By: Carl T. Rogers
Mastering the craft of screenwriting requires hard work. There’s a ton of trial and error, and you’re often working alone with little to show for your efforts—but we keep going since we believe in the vision in our minds!
Do you know what this reminds me of? Blacksmiths.
Hard-Won Mastery!
Becoming a consummate visual storyteller is a lot like becoming a peerless blacksmith. Smiths have crafted metal for millennia, so we as storytellers can learn a lot from the areas in which we’re similar. Think about it.
- In ancient times, blacksmiths often had to dig up and smelt their own ore. This is like how a screenwriter mines their everyday lives and even their subconscious for ideas, inspiration, and characters.
- Just like blacksmiths use a variety of tools, screenwriters utilize an arsenal of literary techniques to tell stories: simile, metaphor, allegory, symbolism, juxtaposition, and even visual poetry.
- Blacksmiths often train for years under more experienced craftsmen. While not all screenwriters have had personal teachers, most of us gleaned lessons from the myriad of movies and shows we’ve watched which were created by the writers we admire.
- Blacksmiths come in all shapes, sizes, and personalities. Some do things old school (like outlining a feature using index cards and Sharpie) while others prefer to use modern technology (like outlining your series in a digital whiteboard).

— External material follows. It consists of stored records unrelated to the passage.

lemma in_PS2_if_zt_logderiv:
  assumes u0: "unit_pow (u $ 0)" and c: "in_PS2 (zt_logderiv u)"
  shows "in_PS2 u"
  unfolding in_PS2_def
proof
  fix n show "in_pow (u $ n)"
  proof (induction n rule: less_induct)
    case (less n)
    show ?case
    proof (cases n)
      case 0
      then show ?thesis using u0 unit_pow_iff by blast
    next
      case (Suc m)
      (* For q = u_n / u_0, the product q' u_0 only involves u_0, ..., u_(n-1). *)
      have nz: "u $ 0 \<noteq> 0" using u0 unit_pow_def by auto
      define S where "S = (\<Sum>i=0..m. u $ i * zt_logderiv u $ (n - i))"
      define q where "q = u $ n / u $ 0"
      have un: "u $ n = q * u $ 0" unfolding q_def using nz by simp
      have "u * zt_logderiv u = zt_deriv u"
        unfolding zt_logderiv_def using nz by (metis inverse_mult_eq_1' mult.assoc mult_1)
      then have "fls_deriv (u $ n) = (\<Sum>i=0..n. u $ i * zt_logderiv u $ (n - i))"
        by (metis fps_mult_nth zt_deriv_nth)
      also have "\<dots> = S + u $ n * zt_logderiv u $ 0" unfolding S_def Suc by simp
      also have "u $ n * zt_logderiv u $ 0 = q * fls_deriv (u $ 0)"
        using nz by (simp add: un zt_logderiv_def)
      finally have "fls_deriv q * u $ 0 = S" unfolding un by simp
      then have "fls_deriv q = S * inverse (u $ 0)" using nz by (simp add: field_simps)
      moreover have "in_pow S" unfolding S_def
        using c less Suc by (intro in_pow_sum in_pow_mult) (auto simp: in_PS2_def)
      moreover have "in_pow (inverse (u $ 0))" using unit_pow_inverse[OF u0] unit_pow_iff by blast
      ultimately have "in_pow q" by (metis in_pow_mult in_pow_if_in_pow_fls_deriv)
      then show ?thesis unfolding un using u0 unit_pow_iff in_pow_mult by blast
    qed
  qed
qed
lemma gram_cross_term_eq_0:
  fixes Y :: "'a :: conjugatable_ordered_field mat"
  assumes Y: "Y \<in> carrier_mat r n" and Yt: "Yt \<in> carrier_mat k n" and M: "M \<in> carrier_mat n n"
    and M_adj: "mat_adjoint M = M"
    and MG: "M * (mat_adjoint Y * Y + mat_adjoint Yt * Yt) = 1\<^sub>m n"
    and YMY: "Y * M * mat_adjoint Y = 1\<^sub>m r"
  shows "Yt * M * mat_adjoint Y = 0\<^sub>m k r"
proof -
  define G where "G = mat_adjoint Y * Y + mat_adjoint Yt * Yt"
  define V where "V = M * mat_adjoint Y"
  have Y': "mat_adjoint Y \<in> carrier_mat n r" and Yt': "mat_adjoint Yt \<in> carrier_mat n k"
    using Y Yt by simp_all
  have YY: "mat_adjoint Y * Y \<in> carrier_mat n n" and YtYt: "mat_adjoint Yt * Yt \<in> carrier_mat n n"
    using mult_carrier_mat[OF Y' Y] mult_carrier_mat[OF Yt' Yt] by auto
  have G: "G \<in> carrier_mat n n" unfolding G_def using YY YtYt by simp
  have V: "V \<in> carrier_mat n r" unfolding V_def using mult_carrier_mat[OF M Y'] .
  have V': "mat_adjoint V \<in> carrier_mat r n" using V by simp
  have YV: "Y * V = 1\<^sub>m r" unfolding V_def using YMY assoc_mult_mat[OF Y M Y'] by simp
  have "mat_adjoint V = Y * M" unfolding V_def mat_adjoint_mult[OF M Y'] M_adj by simp
  then have "mat_adjoint V * G = Y"
    using assoc_mult_mat[OF Y M G] MG[folded G_def] right_mult_one_mat[OF Y] by simp
  then have VGV_1: "mat_adjoint V * G * V = 1\<^sub>m r" using YV by simp
  have "mat_adjoint V * G * V
      = mat_adjoint V * (mat_adjoint Y * Y) * V + mat_adjoint V * (mat_adjoint Yt * Yt) * V"
    unfolding G_def mult_add_distrib_mat[OF V' YY YtYt]
    using add_mult_distrib_mat[OF mult_carrier_mat[OF V' YY] mult_carrier_mat[OF V' YtYt] V] .
  also have "\<dots> = 1\<^sub>m r + mat_adjoint (Yt * V) * (Yt * V)"
    unfolding mat_adjoint_mult_congruence[OF Y V] mat_adjoint_mult_congruence[OF Yt V] YV by simp
  finally have sum_1: "1\<^sub>m r + mat_adjoint (Yt * V) * (Yt * V) = 1\<^sub>m r" using VGV_1 by simp
  have "mat_adjoint (Yt * V) * (Yt * V) = 0\<^sub>m r r"
  proof (rule eq_matI)
    fix i j assume "i < dim_row (0\<^sub>m r r :: 'a mat)" "j < dim_col (0\<^sub>m r r :: 'a mat)"
    then show "(mat_adjoint (Yt * V) * (Yt * V)) $$ (i, j) = 0\<^sub>m r r $$ (i, j)"
      using arg_cong[OF sum_1, of "\<lambda>B. B $$ (i, j)"] Yt V by simp
  qed (use Yt V in simp_all)
  then have "Yt * V = 0\<^sub>m k r"
    using mat_adjoint_mult_self_eq_0[OF mult_carrier_mat[OF Yt V]] by simp
  then show ?thesis unfolding V_def using assoc_mult_mat[OF Yt M Y'] by simp
qed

Regardless of how you started or who you learned from, it still takes years of practice to truly get good at this mysterious craft we call screenwriting. That’s normal! So, if you feel like you’re trying to get better and it’s taking a long time, know that other crafts and art forms are the same: it takes time to become truly great.
Writing Forge
The most striking similarity to me, however, is just how hard blacksmiths work on each piece. The writing process is your forge. You’ve got to spend hours and hours hammering away, line by line, word by word. Every keystroke is a hammer blow!
You toil at the computer, meticulously rewriting so you can burn away the dross and beat the impurities out of your pages until you form the heart of the story in its burnished glory!
It’s hard work. You might get wrist or neck cramps instead of burns and rough calluses, but it’s tough nonetheless.
As you write more screenplays, your journey as a visual storyteller grows from your thinking of your work as the forge to realizing your career itself is a forge, and each challenge is a veritable crucible for your career.
All these parallels are the reasons I like to think of myself—and those I teach—as Scriptsmiths.